%%

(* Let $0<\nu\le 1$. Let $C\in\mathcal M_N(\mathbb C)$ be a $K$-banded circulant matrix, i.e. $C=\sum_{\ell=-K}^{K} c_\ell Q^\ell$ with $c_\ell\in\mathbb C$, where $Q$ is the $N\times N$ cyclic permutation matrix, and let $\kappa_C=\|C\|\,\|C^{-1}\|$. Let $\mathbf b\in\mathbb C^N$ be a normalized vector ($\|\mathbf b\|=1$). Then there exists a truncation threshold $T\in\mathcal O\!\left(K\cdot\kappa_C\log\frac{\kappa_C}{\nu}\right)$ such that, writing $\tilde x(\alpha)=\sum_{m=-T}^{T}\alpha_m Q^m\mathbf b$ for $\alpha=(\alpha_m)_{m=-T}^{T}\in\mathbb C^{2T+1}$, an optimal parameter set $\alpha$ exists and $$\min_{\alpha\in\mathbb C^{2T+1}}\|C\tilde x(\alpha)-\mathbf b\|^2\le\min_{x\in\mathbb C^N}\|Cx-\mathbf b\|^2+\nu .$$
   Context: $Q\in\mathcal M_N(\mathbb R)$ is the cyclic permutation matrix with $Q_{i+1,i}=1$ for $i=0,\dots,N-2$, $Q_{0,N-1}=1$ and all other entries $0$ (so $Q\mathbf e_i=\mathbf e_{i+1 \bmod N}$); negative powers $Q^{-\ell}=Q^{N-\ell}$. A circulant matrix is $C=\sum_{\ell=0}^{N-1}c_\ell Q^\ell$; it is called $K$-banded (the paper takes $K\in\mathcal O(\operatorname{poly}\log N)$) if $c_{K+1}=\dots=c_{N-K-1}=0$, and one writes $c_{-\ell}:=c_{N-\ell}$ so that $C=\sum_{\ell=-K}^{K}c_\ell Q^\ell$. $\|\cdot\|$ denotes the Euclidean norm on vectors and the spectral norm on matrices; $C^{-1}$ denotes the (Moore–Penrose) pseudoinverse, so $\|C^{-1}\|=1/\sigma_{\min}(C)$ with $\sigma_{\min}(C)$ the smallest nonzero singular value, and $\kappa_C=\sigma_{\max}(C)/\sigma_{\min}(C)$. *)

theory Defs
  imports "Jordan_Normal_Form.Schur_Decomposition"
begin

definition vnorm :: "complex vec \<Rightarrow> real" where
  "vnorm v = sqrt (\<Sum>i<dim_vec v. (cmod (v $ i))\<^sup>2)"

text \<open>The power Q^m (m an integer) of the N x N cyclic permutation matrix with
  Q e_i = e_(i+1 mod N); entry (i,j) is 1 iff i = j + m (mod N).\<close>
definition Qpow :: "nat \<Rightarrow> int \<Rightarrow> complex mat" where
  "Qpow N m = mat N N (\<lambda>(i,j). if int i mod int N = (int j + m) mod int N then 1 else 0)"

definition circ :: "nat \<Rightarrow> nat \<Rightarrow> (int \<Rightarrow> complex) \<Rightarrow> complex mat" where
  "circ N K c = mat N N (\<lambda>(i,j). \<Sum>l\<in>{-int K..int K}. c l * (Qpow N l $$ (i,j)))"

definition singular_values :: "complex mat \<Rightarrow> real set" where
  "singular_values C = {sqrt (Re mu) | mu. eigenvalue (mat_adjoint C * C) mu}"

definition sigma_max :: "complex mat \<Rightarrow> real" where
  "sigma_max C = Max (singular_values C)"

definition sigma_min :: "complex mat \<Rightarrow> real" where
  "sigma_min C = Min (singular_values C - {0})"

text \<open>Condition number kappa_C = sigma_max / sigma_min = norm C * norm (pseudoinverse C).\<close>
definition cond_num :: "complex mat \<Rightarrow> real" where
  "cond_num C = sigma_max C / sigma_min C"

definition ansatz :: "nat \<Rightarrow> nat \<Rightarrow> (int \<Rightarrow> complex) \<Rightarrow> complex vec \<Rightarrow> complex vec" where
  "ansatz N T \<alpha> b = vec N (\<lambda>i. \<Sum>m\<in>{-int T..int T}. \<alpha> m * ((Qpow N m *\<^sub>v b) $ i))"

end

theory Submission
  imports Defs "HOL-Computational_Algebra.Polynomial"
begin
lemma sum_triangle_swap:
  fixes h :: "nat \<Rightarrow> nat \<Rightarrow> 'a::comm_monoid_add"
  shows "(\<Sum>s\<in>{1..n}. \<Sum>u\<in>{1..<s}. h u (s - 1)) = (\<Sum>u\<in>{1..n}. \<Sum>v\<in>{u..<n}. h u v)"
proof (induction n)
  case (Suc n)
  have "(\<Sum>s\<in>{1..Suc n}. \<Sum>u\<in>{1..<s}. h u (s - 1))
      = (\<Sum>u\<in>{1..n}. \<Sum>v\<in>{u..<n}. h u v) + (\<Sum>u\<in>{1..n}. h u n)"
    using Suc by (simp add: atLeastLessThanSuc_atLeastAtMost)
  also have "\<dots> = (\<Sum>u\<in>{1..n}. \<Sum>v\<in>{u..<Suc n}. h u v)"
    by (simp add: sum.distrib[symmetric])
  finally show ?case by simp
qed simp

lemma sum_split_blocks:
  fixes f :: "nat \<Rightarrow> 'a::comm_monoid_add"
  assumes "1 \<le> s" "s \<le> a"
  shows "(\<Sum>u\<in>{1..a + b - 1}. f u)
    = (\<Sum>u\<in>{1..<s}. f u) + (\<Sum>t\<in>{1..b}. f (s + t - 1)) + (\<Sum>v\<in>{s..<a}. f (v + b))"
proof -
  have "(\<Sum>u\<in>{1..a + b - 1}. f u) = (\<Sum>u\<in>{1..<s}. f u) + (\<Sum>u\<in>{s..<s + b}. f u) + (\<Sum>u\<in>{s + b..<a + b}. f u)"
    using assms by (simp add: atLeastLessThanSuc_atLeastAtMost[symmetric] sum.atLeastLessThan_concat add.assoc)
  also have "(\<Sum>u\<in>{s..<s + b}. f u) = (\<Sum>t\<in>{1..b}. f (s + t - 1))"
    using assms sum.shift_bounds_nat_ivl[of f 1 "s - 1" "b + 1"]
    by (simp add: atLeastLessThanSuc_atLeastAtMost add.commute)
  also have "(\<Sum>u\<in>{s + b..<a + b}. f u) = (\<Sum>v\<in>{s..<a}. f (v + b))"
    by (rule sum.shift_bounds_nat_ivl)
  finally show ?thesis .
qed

%%

### TO DO
The entries above are to be retyped exactly, with nothing left out.

### EXERCISE ANSWER
(* Let $0<\nu\le 1$. Let $C\in\mathcal M_N(\mathbb C)$ be a $K$-banded circulant matrix, i.e. $C=\sum_{\ell=-K}^{K} c_\ell Q^\ell$ with $c_\ell\in\mathbb C$, where $Q$ is the $N\times N$ cyclic permutation matrix, and let $\kappa_C=\|C\|\,\|C^{-1}\|$. Let $\mathbf b\in\mathbb C^N$ be a normalized vector ($\|\mathbf b\|=1$). Then there exists a truncation threshold $T\in\mathcal O\!\left(K\cdot\kappa_C\log\frac{\kappa_C}{\nu}\right)$ such that, writing $\tilde x(\alpha)=\sum_{m=-T}^{T}\alpha_m Q^m\mathbf b$ for $\alpha=(\alpha_m)_{m=-T}^{T}\in\mathbb C^{2T+1}$, an optimal parameter set $\alpha$ exists and $$\min_{\alpha\in\mathbb C^{2T+1}}\|C\tilde x(\alpha)-\mathbf b\|^2\le\min_{x\in\mathbb C^N}\|Cx-\mathbf b\|^2+\nu .$$
   Context: $Q\in\mathcal M_N(\mathbb R)$ is the cyclic permutation matrix with $Q_{i+1,i}=1$ for $i=0,\dots,N-2$, $Q_{0,N-1}=1$ and all other entries $0$ (so $Q\mathbf e_i=\mathbf e_{i+1 \bmod N}$); negative powers $Q^{-\ell}=Q^{N-\ell}$. A circulant matrix is $C=\sum_{\ell=0}^{N-1}c_\ell Q^\ell$; it is called $K$-banded (the paper takes $K\in\mathcal O(\operatorname{poly}\log N)$) if $c_{K+1}=\dots=c_{N-K-1}=0$, and one writes $c_{-\ell}:=c_{N-\ell}$ so that $C=\sum_{\ell=-K}^{K}c_\ell Q^\ell$. $\|\cdot\|$ denotes the Euclidean norm on vectors and the spectral norm on matrices; $C^{-1}$ denotes the (Moore–Penrose) pseudoinverse, so $\|C^{-1}\|=1/\sigma_{\min}(C)$ with $\sigma_{\min}(C)$ the smallest nonzero singular value, and $\kappa_C=\sigma_{\max}(C)/\sigma_{\min}(C)$. *)

theory Defs
  imports "Jordan_Normal_Form.Schur_Decomposition"
begin

definition vnorm :: "complex vec \<Rightarrow> real" where
  "vnorm v = sqrt (\<Sum>i<dim_vec v. (cmod (v $ i))\<^sup>2)"

text \<open>The power Q^m (m an integer) of the N x N cyclic permutation matrix with
  Q e_i = e_(i+1 mod N); entry (i,j) is 1 iff i = j + m (mod N).\<close>
definition Qpow :: "nat \<Rightarrow> int \<Rightarrow> complex mat" where
  "Qpow N m = mat N N (\<lambda>(i,j). if int i mod int N = (int j + m) mod int N then 1 else 0)"

definition circ :: "nat \<Rightarrow> nat \<Rightarrow> (int \<Rightarrow> complex) \<Rightarrow> complex mat" where
  "circ N K c = mat N N (\<lambda>(i,j). \<Sum>l\<in>{-int K..int K}. c l * (Qpow N l $$ (i,j)))"

definition singular_values :: "complex mat \<Rightarrow> real set" where
  "singular_values C = {sqrt (Re mu) | mu. eigenvalue (mat_adjoint C * C) mu}"

definition sigma_max :: "complex mat \<Rightarrow> real" where
  "sigma_max C = Max (singular_values C)"

definition sigma_min :: "complex mat \<Rightarrow> real" where
  "sigma_min C = Min (singular_values C - {0})"

text \<open>Condition number kappa_C = sigma_max / sigma_min = norm C * norm (pseudoinverse C).\<close>
definition cond_num :: "complex mat \<Rightarrow> real" where
  "cond_num C = sigma_max C / sigma_min C"

definition ansatz :: "nat \<Rightarrow> nat \<Rightarrow> (int \<Rightarrow> complex) \<Rightarrow> complex vec \<Rightarrow> complex vec" where
  "ansatz N T \<alpha> b = vec N (\<lambda>i. \<Sum>m\<in>{-int T..int T}. \<alpha> m * ((Qpow N m *\<^sub>v b) $ i))"

end

theory Submission
  imports Defs "HOL-Computational_Algebra.Polynomial"
begin
lemma sum_triangle_swap:
  fixes h :: "nat \<Rightarrow> nat \<Rightarrow> 'a::comm_monoid_add"
  shows "(\<Sum>s\<in>{1..n}. \<Sum>u\<in>{1..<s}. h u (s - 1)) = (\<Sum>u\<in>{1..n}. \<Sum>v\<in>{u..<n}. h u v)"
proof (induction n)
  case (Suc n)
  have "(\<Sum>s\<in>{1..Suc n}. \<Sum>u\<in>{1..<s}. h u (s - 1))
      = (\<Sum>u\<in>{1..n}. \<Sum>v\<in>{u..<n}. h u v) + (\<Sum>u\<in>{1..n}. h u n)"
    using Suc by (simp add: atLeastLessThanSuc_atLeastAtMost)
  also have "\<dots> = (\<Sum>u\<in>{1..n}. \<Sum>v\<in>{u..<Suc n}. h u v)"
    by (simp add: sum.distrib[symmetric])
  finally show ?case by simp
qed simp

lemma sum_split_blocks:
  fixes f :: "nat \<Rightarrow> 'a::comm_monoid_add"
  assumes "1 \<le> s" "s \<le> a"
  shows "(\<Sum>u\<in>{1..a + b - 1}. f u)
    = (\<Sum>u\<in>{1..<s}. f u) + (\<Sum>t\<in>{1..b}. f (s + t - 1)) + (\<Sum>v\<in>{s..<a}. f (v + b))"
proof -
  have "(\<Sum>u\<in>{1..a + b - 1}. f u) = (\<Sum>u\<in>{1..<s}. f u) + (\<Sum>u\<in>{s..<s + b}. f u) + (\<Sum>u\<in>{s + b..<a + b}. f u)"
    using assms by (simp add: atLeastLessThanSuc_atLeastAtMost[symmetric] sum.atLeastLessThan_concat add.assoc)
  also have "(\<Sum>u\<in>{s..<s + b}. f u) = (\<Sum>t\<in>{1..b}. f (s + t - 1))"
    using assms sum.shift_bounds_nat_ivl[of f 1 "s - 1" "b + 1"]
    by (simp add: atLeastLessThanSuc_atLeastAtMost add.commute)
  also have "(\<Sum>u\<in>{s + b..<a + b}. f u) = (\<Sum>v\<in>{s..<a}. f (v + b))"
    by (rule sum.shift_bounds_nat_ivl)
  finally show ?thesis .
qed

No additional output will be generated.